The South Asian Society at Yale, in collaboration with the Yale Chaplain’s Office and two other student groups, held a forum Monday night for reflection on racial profiling in the post-9/11 world as part of a series of University-wide events commemorating the 10-year anniversary of the attacks. The evening’s discussion addressed societal issues that have developed since 9/11, such as racial profiling in airports, and how those policies reveal that discrimination still exists against minority groups.

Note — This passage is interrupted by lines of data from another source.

text \<open>Sum over (unordered) edges uv of \<sigma>_u \<sigma>_v: each edge appears twice among ordered pairs.\<close>
definition edge_sum :: "'a set \<Rightarrow> ('a \<Rightarrow> 'a \<Rightarrow> bool) \<Rightarrow> ('a \<Rightarrow> real) \<Rightarrow> real" where
  "edge_sum V E \<sigma> = (\<Sum>p \<in> {(u, v) \<in> V \<times> V. E u v}. \<sigma> (fst p) * \<sigma> (snd p)) / 2"

definition magnetization :: "'a set \<Rightarrow> ('a \<Rightarrow> real) \<Rightarrow> real" where
  "magnetization V \<sigma> = (\<Sum>v \<in> V. \<sigma> v)"

definition ising_weight :: "'a set \<Rightarrow> ('a \<Rightarrow> 'a \<Rightarrow> bool) \<Rightarrow> real \<Rightarrow> real \<Rightarrow> ('a \<Rightarrow> real) \<Rightarrow> real" where
  "ising_weight V E \<beta> lam \<sigma> = exp (\<beta> / 2 * edge_sum V E \<sigma>) * lam powr magnetization V \<sigma>"

definition partition_fn :: "'a set \<Rightarrow> ('a \<Rightarrow> 'a \<Rightarrow> bool) \<Rightarrow> real \<Rightarrow> real \<Rightarrow> real" where
  "partition_fn V E \<beta> lam = (\<Sum>\<sigma> \<in> spins V. ising_weight V E \<beta> lam \<sigma>)"

definition mean_magnetization :: "'a set \<Rightarrow> ('a \<Rightarrow> 'a \<Rightarrow> bool) \<Rightarrow> real \<Rightarrow> real \<Rightarrow> real" where
  "mean_magnetization V E \<beta> lam =
     ((\<Sum>\<sigma> \<in> spins V. magnetization V \<sigma> * ising_weight V E \<beta> lam \<sigma>) / partition_fn V E \<beta> lam)
     / real (card V)"

end

theory Submission
  imports Defs
begin

text \<open>
  Lower bound: the global flip \<sigma> \<mapsto> -\<sigma> preserves the interaction and negates M, so
  twice the unnormalised mean magnetization equals the sum over \<sigma> of
  exp(\<beta>/2 \<cdot> edge_sum \<sigma>) \<cdot> M(\<sigma>) (\<lambda>^M(\<sigma>) - \<lambda>^-M(\<sigma>)), which is negative when \<lambda> < 1.

  Upper bound: flipping the spin at v from +1 to -1 changes the interaction energy by at
  most \<beta>\<Delta> and the field term by the factor \<lambda>^2, so w(\<sigma>) \<ge> r w(\<sigma>') with
  r = \<lambda>^2 exp(-\<beta>\<Delta>). Pairing each configuration with its flip at v gives
  (r - 1) Z \<le> (r + 1) Z \<langle>\<sigma>_v\<rangle>, and averaging over v yields r - 1 \<le> (r + 1) \<eta>.
\<close>

lemma sum_reindex_involution:
  assumes "\<And>x. x \<in> S \<Longrightarrow> h x \<in> S" and "\<And>x. x \<in> S \<Longrightarrow> h (h x) = x"
  shows "sum f S = (\<Sum>x\<in>S. f (h x))"
  by (rule sum.reindex_bij_witness[of S h h]) (auto simp: assms)

lemma sum_involution_pairing_le:
  fixes w s :: "'a \<Rightarrow> real"
  assumes h_in: "\<And>x. x \<in> S \<Longrightarrow> h x \<in> S" and h_h: "\<And>x. x \<in> S \<Longrightarrow> h (h x) = x"
    and s_sign: "\<And>x. x \<in> S \<Longrightarrow> s x = 1 \<or> s x = -1"
    and s_h: "\<And>x. x \<in> S \<Longrightarrow> s (h x) = - s x"
    and ratio: "\<And>x. x \<in> S \<Longrightarrow> s x = 1 \<Longrightarrow> r * w (h x) \<le> w x"
  shows "(r - 1) * sum w S \<le> (r + 1) * (\<Sum>x\<in>S. s x * w x)"
proof -
  have pair: "(r - 1) * (w x + w (h x)) \<le> (r + 1) * (s x * w x + s (h x) * w (h x))"
    if x: "x \<in> S" for x
    using s_sign[OF x]
  proof
    assume "s x = 1"
    with ratio[OF x] s_h[OF x] show ?thesis by (simp add: algebra_simps)
  next
    assume "s x = -1"
    with ratio[OF h_in[OF x]] s_h[OF x] h_h[OF x] show ?thesis by (simp add: algebra_simps)
  qed
  have "2 * ((r - 1) * sum w S) = (r - 1) * (sum w S + (\<Sum>x\<in>S. w (h x)))"
    using sum_reindex_involution[OF h_in h_h, of w] by simp
  also have "\<dots> = (\<Sum>x\<in>S. (r - 1) * (w x + w (h x)))"
    by (simp only: sum.distrib[symmetric] sum_distrib_left)
  also have "\<dots> \<le> (\<Sum>x\<in>S. (r + 1) * (s x * w x + s (h x) * w (h x)))"
    by (rule sum_mono) (rule pair)
  also have "\<dots> = (r + 1) * ((\<Sum>x\<in>S. s x * w x) + (\<Sum>x\<in>S. s (h x) * w (h x)))"
    by (simp only: sum.distrib[symmetric] sum_distrib_left)
  also have "\<dots> = 2 * ((r + 1) * (\<Sum>x\<in>S. s x * w x))"
    using sum_reindex_involution[OF h_in h_h, of "\<lambda>x. s x * w x"] by simp
  finally show ?thesis by simp
qed

lemma mult_powr_diff_neg:
  fixes lam m :: real
  assumes "0 < lam" and "lam < 1" and "m \<noteq> 0"
  shows "m * (lam powr m - lam powr (- m)) < 0"
proof (cases "m > 0")
  case True
  then have "lam powr m < 1" and "\<not> lam powr (- m) < 1"
    using powr01_less_one[OF assms(1,2)] by auto
  with True show ?thesis by (simp add: mult_pos_neg)
next
  case False
  with assms(3) have "lam powr (- m) < 1" and "\<not> lam powr m < 1"
    using powr01_less_one[OF assms(1,2)] by auto
  with False assms(3) show ?thesis by (simp add: mult_neg_pos)
qed

lemma spins_values:
  assumes "\<sigma> \<in> spins V" and "v \<in> V"
  shows "\<sigma> v = 1 \<or> \<sigma> v = -1"
  using assms unfolding spins_def by (auto simp: PiE_iff)

lemma spins_fun_upd_flip:
  assumes "\<sigma> \<in> spins V" and "v \<in> V"
  shows "\<sigma>(v := - \<sigma> v) \<in> spins V"
  using assms unfolding spins_def by (auto simp: PiE_iff extensional_def)

lemma spins_restrict_uminus:
  assumes "\<sigma> \<in> spins V"
  shows "restrict (\<lambda>u. - \<sigma> u) V \<in> spins V"
    and "restrict (\<lambda>u. - restrict (\<lambda>u. - \<sigma> u) V u) V = \<sigma>"
  using assms unfolding spins_def by (auto simp: PiE_iff fun_eq_iff extensional_def)

lemma restrict_one_in_spins: "restrict (\<lambda>_. 1) V \<in> spins V"
  unfolding spins_def by auto

lemma finite_spins: "finite V \<Longrightarrow> finite (spins V)"
  unfolding spins_def by (simp add: finite_PiE)

lemma edge_sum_restrict_uminus: "edge_sum V E (restrict (\<lambda>u. - \<sigma> u) V) = edge_sum V E \<sigma>"
  unfolding edge_sum_def by (intro arg_cong[where f = "\<lambda>x. x / 2"] sum.cong) auto

lemma magnetization_restrict_uminus:
  "magnetization V (restrict (\<lambda>u. - \<sigma> u) V) = - magnetization V \<sigma>"
  unfolding magnetization_def by (simp add: sum_negf)

lemma magnetization_fun_upd_diff:
  assumes "finite V" and "v \<in> V"
  shows "magnetization V (\<sigma>(v := a)) - magnetization V (\<sigma>(v := b)) = a - b"
  using assms unfolding magnetization_def by (simp add: sum.remove)

lemma edge_sum_fun_upd_diff:
  assumes G: "simple_graph V E" and v: "v \<in> V"
  shows "edge_sum V E (\<sigma>(v := a)) - edge_sum V E (\<sigma>(v := b))
       = (a - b) * (\<Sum>u\<in>{u \<in> V. E v u}. \<sigma> u)"
proof -
  define P where "P = {(u, w) \<in> V \<times> V. E u w}"
  define g where "g = (\<lambda>p. if fst p = v then \<sigma> (snd p) else 0)"
  have irrefl: "\<And>u. \<not> E u u" and sym: "\<And>u w. E u w \<Longrightarrow> E w u"
    using G by (auto simp: simple_graph_def)
  have "finite P"
    using G unfolding P_def simple_graph_def by (auto intro: finite_subset[of _ "V \<times> V"])
  have term_diff: "(\<sigma>(v := a)) (fst p) * (\<sigma>(v := a)) (snd p)
      - (\<sigma>(v := b)) (fst p) * (\<sigma>(v := b)) (snd p) = (a - b) * (g p + g (prod.swap p))"
    if "p \<in> P" for p
    using that irrefl unfolding P_def g_def by (cases p) (auto simp: algebra_simps)
  have g_swap: "(\<Sum>p\<in>P. g (prod.swap p)) = sum g P"
    by (rule sum_reindex_involution[symmetric]) (auto simp: P_def sym)
  have "sum g P = (\<Sum>p\<in>{p \<in> P. fst p = v}. \<sigma> (snd p))"
    using \<open>finite P\<close> unfolding g_def by (simp add: sum.inter_filter)
  also have "{p \<in> P. fst p = v} = Pair v ` {u \<in> V. E v u}"
    unfolding P_def using v by auto
  also have "(\<Sum>p\<in>Pair v ` {u \<in> V. E v u}. \<sigma> (snd p)) = (\<Sum>u\<in>{u \<in> V. E v u}. \<sigma> u)"
    by (subst sum.reindex) (auto simp: inj_on_def)
  finally have g_sum: "sum g P = (\<Sum>u\<in>{u \<in> V. E v u}. \<sigma> u)" .
  have "edge_sum V E (\<sigma>(v := a)) - edge_sum V E (\<sigma>(v := b))
      = (\<Sum>p\<in>P. (a - b) * (g p + g (prod.swap p))) / 2"
    unfolding edge_sum_def P_def[symmetric] diff_divide_distrib[symmetric] sum_subtractf[symmetric]
    using term_diff by (simp cong: sum.cong)
  also have "\<dots> = (a - b) * (\<Sum>u\<in>{u \<in> V. E v u}. \<sigma> u)"
    by (simp add: sum_distrib_left[symmetric] sum.distrib g_swap g_sum)
  finally show ?thesis .
qed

Speaker Deepa Iyer, who serves as the executive director of SAALT (South Asian Americans Leading Together), an advocacy organization with 42 branches in the United States, said she was an employee for the Federal Department of Justice at the time of the attacks. In the aftermath of 9/11, Iyer was charged with collecting reports of bullying, vandalism and discrimination that minorities suffered after the fall of the twin towers — a position she said made her increasingly conscious of how discrimination exists within governmental policy.
Lyer discussed the arbitrary detentions that thousands of Muslims and South Asians faced after Sept. 11, some of which resulted in closed immigration hearings and secret deportations. In addition to those clandestine proceedings, Lyer said the government also never publicly discussed its creation of the Special Registration Program — a 2002-’03 act that required 83,000 of immigrants of specific ethnic backgrounds to report to immigration authorities, and caused an estimated 30,000 deportations.
Vijay Prashad, a professor in International Studies at Trinity College who also spoke to the roughly 30 students in attendance, added that overcoming modern prejudices is not about transcending specific religious barriers, but rather altering structures and policies that inherently create discrimination within society.
Valarie Kaur LAW ’12, a filmmaker and minority rights advocate, also spoke about the social prejudices in America’s post-9/11 cultural landscape.
Kaur, who was a 20-year-old Stanford University student in 2001, said the attacks spurred her to leave college and travel across America compiling a documentary about hate crimes in post-9/11 society. Her resulting film, “Divided We Fall,” examined severe hate crimes committed nationwide, such as a Sikh man being beaten with baseball bats in Queens, N.Y. and Muslim men being gunned down on the side of the road in California.
“I wanted to answer the question, ‘Who counts as an American?’” Kaur said.
Kaur said that Muslim identity is often used today by politicians to win votes by creating a “common enemy.”
Despite ongoing examples of hate crimes and discrimination, Kaur said the “millennial” generation has the potential to make American culture more tolerant, and has shown “more open-mindedness and diversity” than previous generations.
In addition to the South Asian Society at Yale and the Chaplain’s Office, the Yale Asian American Students Alliance and Yale Muslim Students Association also hosted the event.